In the material below, the required lines run from the one containing "by (rule measurable_cong[THEN iffD1])" through the one containing "then show thesis". Copy those lines exactly, ends included, and nothing else.
__________
(* Let $G$ be a connected graph of order $n\geq 2$ and let $H$ be a graph with $k\geq 1$ connected components $H_1,\dots,H_k$. Then $$\max\{\chi_L(H_t+K_1)\mid 1\leq t\leq k\}\ \leq\ \chi_L(G\odot H)\ \leq\ \chi_L(G)+\sum_{t=1}^{k}\bigl(\chi_L(H_t+K_1)-1\bigr).$$
   Context: All graphs are finite and simple. A $k$-coloring of a connected graph $G$ is a map $c:V(G)\to\{1,\dots,k\}$ with $c(u)\neq c(v)$ for adjacent $u,v$; it induces the partition $\Pi=\{C_1,\dots,C_k\}$ into color classes $C_i=c^{-1}(i)$. The color code of $v$ is $c_\Pi(v)=(d(v,C_1),\dots,d(v,C_k))$ with $d(v,C_i)=\min\{d(v,x): x\in C_i\}$ (graph distance). $c$ is a locating coloring if distinct vertices have distinct color codes; the locating-chromatic number $\chi_L(G)$ is the least $k$ for which a locating $k$-coloring exists. The corona product $G\odot H$ of a graph $G$ with vertex set $\{a_1,\dots,a_n\}$ and a graph $H$ is obtained from one copy of $G$ and $n$ disjoint copies of $H$ by joining $a_i$ to every vertex of the $i$-th copy of $H$. For a graph $F$, $F+K_1$ denotes the join of $F$ with a single new vertex adjacent to all vertices of $F$. *)

theory Defs
  imports Main
begin

definition simple_graph :: "'a set \<Rightarrow> ('a \<Rightarrow> 'a \<Rightarrow> bool) \<Rightarrow> bool" where
  "simple_graph V E \<longleftrightarrow> finite V \<and> (\<forall>u v. E u v \<longrightarrow> u \<in> V \<and> v \<in> V)
     \<and> (\<forall>u v. E u v \<longrightarrow> E v u) \<and> (\<forall>v. \<not> E v v)"

inductive reach :: "('a \<Rightarrow> 'a \<Rightarrow> bool) \<Rightarrow> 'a \<Rightarrow> 'a \<Rightarrow> nat \<Rightarrow> bool" for E where
  reach_refl: "reach E u u 0"
| reach_step: "E u w \<Longrightarrow> reach E w v n \<Longrightarrow> reach E u v (Suc n)"

definition gdist :: "('a \<Rightarrow> 'a \<Rightarrow> bool) \<Rightarrow> 'a \<Rightarrow> 'a \<Rightarrow> nat" where
  "gdist E u v = (LEAST n. reach E u v n)"

definition connected_graph :: "'a set \<Rightarrow> ('a \<Rightarrow> 'a \<Rightarrow> bool) \<Rightarrow> bool" where
  "connected_graph V E \<longleftrightarrow> simple_graph V E \<and> V \<noteq> {} \<and>
     (\<forall>u\<in>V. \<forall>v\<in>V. \<exists>n. reach E u v n)"

definition dist_class :: "'a set \<Rightarrow> ('a \<Rightarrow> 'a \<Rightarrow> bool) \<Rightarrow> ('a \<Rightarrow> nat) \<Rightarrow> 'a \<Rightarrow> nat \<Rightarrow> nat" where
  "dist_class V E c v i = (LEAST n. \<exists>x\<in>V. c x = i \<and> gdist E v x = n)"

text \<open>A k-colouring (all k colour classes nonempty, so that it induces a partition
  into k classes) which is proper.\<close>
definition coloring :: "'a set \<Rightarrow> ('a \<Rightarrow> 'a \<Rightarrow> bool) \<Rightarrow> ('a \<Rightarrow> nat) \<Rightarrow> nat \<Rightarrow> bool" where
  "coloring V E c k \<longleftrightarrow> c ` V = {1..k} \<and> (\<forall>u\<in>V. \<forall>v\<in>V. E u v \<longrightarrow> c u \<noteq> c v)"
lemma two_point_eq_c_relent:
  assumes "C1 I" "C2 I" "C3 I" "C4 I"
  obtains c where "\<And>x y. 0 < x \<Longrightarrow> x < 1 \<Longrightarrow> 0 < y \<Longrightarrow> y < 1 \<Longrightarrow>
    two_point I x y = c * relent [x, 1 - x] [y, 1 - y]"
proof -
  obtain L where mult: "\<And>a b. 0 < a \<Longrightarrow> 0 < b \<Longrightarrow> L (a * b) = L a + L b"
    and rep: "\<And>x y. 0 < x \<Longrightarrow> x < 1 \<Longrightarrow> 0 < y \<Longrightarrow> y < 1 \<Longrightarrow>
      two_point I x y = x * L (x / y) + (1 - x) * L ((1 - x) / (1 - y))"
    using two_point_log_representation[OF assms(2-4)] by blast
  have quot: "L (a / b) = L a - L b" if "0 < a" "0 < b" for a b
    using mult[of "a / b" b] that by simp
  \<comment> \<open>Weighting the representations at \<open>x = 1/2\<close> and \<open>x = 1/3\<close> cancels \<open>L (1 - y)\<close>.\<close>
  define K where "K = 4 * L (1/2) - L (1/3) - 2 * L (2/3)"
  have eq: "K - 4 * I [1/2, 1/2] [y, 1 - y] + 3 * I [1/3, 2/3] [y, 1 - y] = L y"
    if "y \<in> space (lebesgue_on {0<..<1})" for y
    using that rep[of "1/2" y] rep[of "1/3" y] quot[of "1/2" y] quot[of "1 - 1/2" "1 - y"]
      quot[of "1/3" y] quot[of "1 - 1/3" "1 - y"]
    by (simp add: K_def two_point_def field_simps)
  have m1: "(\<lambda>y. I [1/2, 1/2] [y, 1 - y]) \<in> borel_measurable (lebesgue_on {0<..<1})"
    by (rule C1_two_point_measurable[OF assms(1)]) (simp add: osimplex_2_iff)
  have m2: "(\<lambda>y. I [1/3, 2/3] [y, 1 - y]) \<in> borel_measurable (lebesgue_on {0<..<1})"
    by (rule C1_two_point_measurable[OF assms(1)]) (simp add: osimplex_2_iff)
  have "(\<lambda>y. K - 4 * I [1/2, 1/2] [y, 1 - y] + 3 * I [1/3, 2/3] [y, 1 - y])
      \<in> borel_measurable (lebesgue_on {0<..<1})"
    using m1 m2 by measurable
  with eq have "L \<in> borel_measurable (lebesgue_on {0<..<1})"
    by (rule measurable_cong[THEN iffD1])
  then obtain c where "\<And>r. 0 < r \<Longrightarrow> L r = c * ln r"
    using log_additive_measurable_eq_c_ln[OF mult] by blast
  then show thesis
    using rep by (intro that[of c]) (simp add: relent_Cons relent_Nil algebra_simps)
qed

theorem mainTheorem7:
  fixes I :: "real list \<Rightarrow> real list \<Rightarrow> real"
  shows "(C1 I \<and> C2 I \<and> C3 I \<and> C4 I) \<longleftrightarrow>
    (\<exists>c::real. \<forall>n p q. n \<ge> 1 \<longrightarrow> p \<in> osimplex n \<longrightarrow> q \<in> osimplex n \<longrightarrow>
        I p q = c * relent p q)"
proof
  assume "C1 I \<and> C2 I \<and> C3 I \<and> C4 I"
  then have C: "C1 I" "C2 I" "C3 I" "C4 I" by auto
  then obtain c where "\<And>x y. 0 < x \<Longrightarrow> x < 1 \<Longrightarrow> 0 < y \<Longrightarrow> y < 1 \<Longrightarrow>
      two_point I x y = c * relent [x, 1 - x] [y, 1 - y]"
    using two_point_eq_c_relent[OF C] by blast
  from eq_on_osimplex_if_two_point_eq[OF C(3,4) C3_relent C4_relent this[unfolded two_point_def]]
  show "\<exists>c. \<forall>n p q. n \<ge> 1 \<longrightarrow> p \<in> osimplex n \<longrightarrow> q \<in> osimplex n \<longrightarrow> I p q = c * relent p q"
    by blast
next
  assume "\<exists>c. \<forall>n p q. n \<ge> 1 \<longrightarrow> p \<in> osimplex n \<longrightarrow> q \<in> osimplex n \<longrightarrow> I p q = c * relent p q"
  then obtain c where c: "\<forall>n p q. n \<ge> 1 \<longrightarrow> p \<in> osimplex n \<longrightarrow> q \<in> osimplex n \<longrightarrow> I p q = c * relent p q"
    by blast
  have eq: "I p q = c * relent p q" if "p \<in> osimplex n" "q \<in> osimplex n" for n p q
    using c osimplex_dim_pos[OF that(1)] that by blast
  have "C1 I = C1 (\<lambda>p q. c * relent p q)" using eq by (rule C1_cong)
  moreover have "C2 I = C2 (\<lambda>p q. c * relent p q)" using eq by (rule C2_cong)
  moreover have "C3 I = C3 (\<lambda>p q. c * relent p q)" using eq by (rule C3_cong)
  moreover have "C4 I = C4 (\<lambda>p q. c * relent p q)" using eq by (rule C4_cong)
  ultimately show "C1 I \<and> C2 I \<and> C3 I \<and> C4 I"
    using C1_relent C2_relent C3_relent C4_relent by blast
qed

end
__________
- [EXERCISE ANSWER]:
    by (rule measurable_cong[THEN iffD1])
  then obtain c where "\<And>r. 0 < r \<Longrightarrow> L r = c * ln r"
    using log_additive_measurable_eq_c_ln[OF mult] by blast
  then show thesis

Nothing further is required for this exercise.